◆ **Requirement**:
From the line that contains "f \<inter> range g \<subseteq>" to the end of the entries, write out every line exactly, including both ends, and nothing more.

Collected data
'''
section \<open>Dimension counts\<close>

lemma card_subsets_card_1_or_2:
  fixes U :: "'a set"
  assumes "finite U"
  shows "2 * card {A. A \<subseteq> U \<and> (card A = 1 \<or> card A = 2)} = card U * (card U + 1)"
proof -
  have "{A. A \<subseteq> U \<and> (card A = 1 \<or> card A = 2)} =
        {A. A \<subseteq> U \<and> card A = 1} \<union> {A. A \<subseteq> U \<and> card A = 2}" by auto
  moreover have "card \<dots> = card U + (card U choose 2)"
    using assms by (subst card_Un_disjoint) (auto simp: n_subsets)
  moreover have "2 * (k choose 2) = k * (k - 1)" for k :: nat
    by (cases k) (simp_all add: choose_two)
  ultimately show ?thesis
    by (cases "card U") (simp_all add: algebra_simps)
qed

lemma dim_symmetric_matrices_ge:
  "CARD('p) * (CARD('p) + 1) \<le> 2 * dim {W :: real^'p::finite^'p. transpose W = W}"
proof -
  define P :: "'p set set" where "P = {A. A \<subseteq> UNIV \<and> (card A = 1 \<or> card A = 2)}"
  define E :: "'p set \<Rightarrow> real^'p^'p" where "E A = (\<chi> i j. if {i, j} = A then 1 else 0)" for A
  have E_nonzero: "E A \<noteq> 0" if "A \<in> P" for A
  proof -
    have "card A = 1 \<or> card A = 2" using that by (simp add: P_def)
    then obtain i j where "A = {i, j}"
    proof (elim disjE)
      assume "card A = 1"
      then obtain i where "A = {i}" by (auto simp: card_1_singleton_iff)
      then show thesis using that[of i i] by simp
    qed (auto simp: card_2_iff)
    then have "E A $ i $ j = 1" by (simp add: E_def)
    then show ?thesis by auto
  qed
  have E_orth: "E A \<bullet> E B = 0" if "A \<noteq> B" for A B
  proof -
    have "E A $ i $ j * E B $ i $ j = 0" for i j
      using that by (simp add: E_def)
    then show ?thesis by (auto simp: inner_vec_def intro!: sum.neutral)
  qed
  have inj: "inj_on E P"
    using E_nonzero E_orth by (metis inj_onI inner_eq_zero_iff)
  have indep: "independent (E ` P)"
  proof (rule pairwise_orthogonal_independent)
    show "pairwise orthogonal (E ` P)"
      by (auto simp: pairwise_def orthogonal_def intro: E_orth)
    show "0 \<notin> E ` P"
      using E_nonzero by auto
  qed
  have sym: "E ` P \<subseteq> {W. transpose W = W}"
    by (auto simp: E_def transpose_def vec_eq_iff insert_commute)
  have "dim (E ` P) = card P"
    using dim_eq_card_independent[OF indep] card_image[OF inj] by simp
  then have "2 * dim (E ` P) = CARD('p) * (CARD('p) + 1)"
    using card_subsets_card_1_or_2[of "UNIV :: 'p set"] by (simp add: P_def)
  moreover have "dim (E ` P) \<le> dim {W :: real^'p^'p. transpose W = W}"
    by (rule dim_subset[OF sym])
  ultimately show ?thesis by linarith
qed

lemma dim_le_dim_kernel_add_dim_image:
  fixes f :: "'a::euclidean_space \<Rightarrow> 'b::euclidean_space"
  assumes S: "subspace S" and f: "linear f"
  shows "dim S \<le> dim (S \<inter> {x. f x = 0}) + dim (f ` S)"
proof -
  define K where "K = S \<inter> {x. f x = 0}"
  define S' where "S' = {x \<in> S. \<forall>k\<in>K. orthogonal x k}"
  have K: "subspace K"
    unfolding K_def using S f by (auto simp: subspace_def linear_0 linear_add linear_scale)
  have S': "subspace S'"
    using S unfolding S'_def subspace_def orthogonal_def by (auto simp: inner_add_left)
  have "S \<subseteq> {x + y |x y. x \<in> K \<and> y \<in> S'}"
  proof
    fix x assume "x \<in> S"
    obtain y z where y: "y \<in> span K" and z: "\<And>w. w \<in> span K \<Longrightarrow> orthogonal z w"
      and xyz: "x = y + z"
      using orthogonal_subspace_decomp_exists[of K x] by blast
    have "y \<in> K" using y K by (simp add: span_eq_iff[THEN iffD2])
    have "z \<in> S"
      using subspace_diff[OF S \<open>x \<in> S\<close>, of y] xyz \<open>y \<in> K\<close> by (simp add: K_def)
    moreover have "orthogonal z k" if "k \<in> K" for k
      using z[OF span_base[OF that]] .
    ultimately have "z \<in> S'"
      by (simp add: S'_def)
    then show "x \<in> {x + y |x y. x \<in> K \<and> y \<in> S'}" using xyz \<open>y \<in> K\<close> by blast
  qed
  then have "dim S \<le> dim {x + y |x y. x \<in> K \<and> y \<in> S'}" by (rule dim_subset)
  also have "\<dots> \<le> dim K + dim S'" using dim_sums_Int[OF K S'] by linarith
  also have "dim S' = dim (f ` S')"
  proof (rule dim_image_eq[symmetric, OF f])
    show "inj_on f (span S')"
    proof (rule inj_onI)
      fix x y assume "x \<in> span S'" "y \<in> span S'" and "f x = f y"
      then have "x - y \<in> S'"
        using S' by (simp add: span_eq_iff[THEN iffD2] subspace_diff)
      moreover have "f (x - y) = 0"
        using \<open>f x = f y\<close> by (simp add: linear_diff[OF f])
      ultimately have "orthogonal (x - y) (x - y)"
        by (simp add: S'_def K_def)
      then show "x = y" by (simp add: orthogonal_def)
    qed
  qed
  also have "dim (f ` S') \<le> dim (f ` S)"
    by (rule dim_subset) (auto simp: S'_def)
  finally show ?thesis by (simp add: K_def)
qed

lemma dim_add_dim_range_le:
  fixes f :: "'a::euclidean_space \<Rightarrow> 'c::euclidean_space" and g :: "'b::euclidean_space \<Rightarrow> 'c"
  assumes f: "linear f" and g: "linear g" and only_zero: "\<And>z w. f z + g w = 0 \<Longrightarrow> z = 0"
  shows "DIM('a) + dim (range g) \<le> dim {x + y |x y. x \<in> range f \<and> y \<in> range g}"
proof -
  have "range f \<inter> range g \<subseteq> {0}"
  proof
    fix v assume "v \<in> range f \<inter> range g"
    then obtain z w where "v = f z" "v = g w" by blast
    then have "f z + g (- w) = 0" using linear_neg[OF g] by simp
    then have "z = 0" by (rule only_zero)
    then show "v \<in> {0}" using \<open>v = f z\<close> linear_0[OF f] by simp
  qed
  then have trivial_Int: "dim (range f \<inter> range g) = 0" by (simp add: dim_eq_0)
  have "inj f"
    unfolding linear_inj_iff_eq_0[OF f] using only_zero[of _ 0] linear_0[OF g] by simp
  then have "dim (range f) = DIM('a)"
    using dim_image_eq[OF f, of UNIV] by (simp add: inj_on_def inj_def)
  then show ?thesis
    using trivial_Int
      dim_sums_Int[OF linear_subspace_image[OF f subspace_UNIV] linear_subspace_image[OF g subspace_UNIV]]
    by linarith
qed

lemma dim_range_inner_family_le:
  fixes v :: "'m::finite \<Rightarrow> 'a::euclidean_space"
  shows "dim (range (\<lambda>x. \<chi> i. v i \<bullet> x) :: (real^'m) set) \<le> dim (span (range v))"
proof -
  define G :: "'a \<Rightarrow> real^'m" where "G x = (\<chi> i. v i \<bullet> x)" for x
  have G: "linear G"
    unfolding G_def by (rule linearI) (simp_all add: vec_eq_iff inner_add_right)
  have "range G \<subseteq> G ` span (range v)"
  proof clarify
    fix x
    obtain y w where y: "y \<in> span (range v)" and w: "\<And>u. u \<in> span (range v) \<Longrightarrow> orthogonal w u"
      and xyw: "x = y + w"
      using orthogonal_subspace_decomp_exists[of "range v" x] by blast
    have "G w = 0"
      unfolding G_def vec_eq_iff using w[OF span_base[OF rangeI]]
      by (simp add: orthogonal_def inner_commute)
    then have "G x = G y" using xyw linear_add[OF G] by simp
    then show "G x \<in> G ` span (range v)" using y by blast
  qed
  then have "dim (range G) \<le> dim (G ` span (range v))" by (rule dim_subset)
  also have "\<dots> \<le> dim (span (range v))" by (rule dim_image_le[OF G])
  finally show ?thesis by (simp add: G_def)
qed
'''
◆ **Worked solution**:
  have "range f \<inter> range g \<subseteq> {0}"
  proof
    fix v assume "v \<in> range f \<inter> range g"
    then obtain z w where "v = f z" "v = g w" by blast
    then have "f z + g (- w) = 0" using linear_neg[OF g] by simp
    then have "z = 0" by (rule only_zero)
    then show "v \<in> {0}" using \<open>v = f z\<close> linear_0[OF f] by simp
  qed
  then have trivial_Int: "dim (range f \<inter> range g) = 0" by (simp add: dim_eq_0)
  have "inj f"
    unfolding linear_inj_iff_eq_0[OF f] using only_zero[of _ 0] linear_0[OF g] by simp
  then have "dim (range f) = DIM('a)"
    using dim_image_eq[OF f, of UNIV] by (simp add: inj_on_def inj_def)
  then show ?thesis
    using trivial_Int
      dim_sums_Int[OF linear_subspace_image[OF f subspace_UNIV] linear_subspace_image[OF g subspace_UNIV]]
    by linarith
qed

lemma dim_range_inner_family_le:
  fixes v :: "'m::finite \<Rightarrow> 'a::euclidean_space"
  shows "dim (range (\<lambda>x. \<chi> i. v i \<bullet> x) :: (real^'m) set) \<le> dim (span (range v))"
proof -
  define G :: "'a \<Rightarrow> real^'m" where "G x = (\<chi> i. v i \<bullet> x)" for x
  have G: "linear G"
    unfolding G_def by (rule linearI) (simp_all add: vec_eq_iff inner_add_right)
  have "range G \<subseteq> G ` span (range v)"
  proof clarify
    fix x
    obtain y w where y: "y \<in> span (range v)" and w: "\<And>u. u \<in> span (range v) \<Longrightarrow> orthogonal w u"
      and xyw: "x = y + w"
      using orthogonal_subspace_decomp_exists[of "range v" x] by blast
    have "G w = 0"
      unfolding G_def vec_eq_iff using w[OF span_base[OF rangeI]]
      by (simp add: orthogonal_def inner_commute)
    then have "G x = G y" using xyw linear_add[OF G] by simp
    then show "G x \<in> G ` span (range v)" using y by blast
  qed
  then have "dim (range G) \<le> dim (G ` span (range v))" by (rule dim_subset)
  also have "\<dots> \<le> dim (span (range v))" by (rule dim_image_le[OF G])
  finally show ?thesis by (simp add: G_def)
qed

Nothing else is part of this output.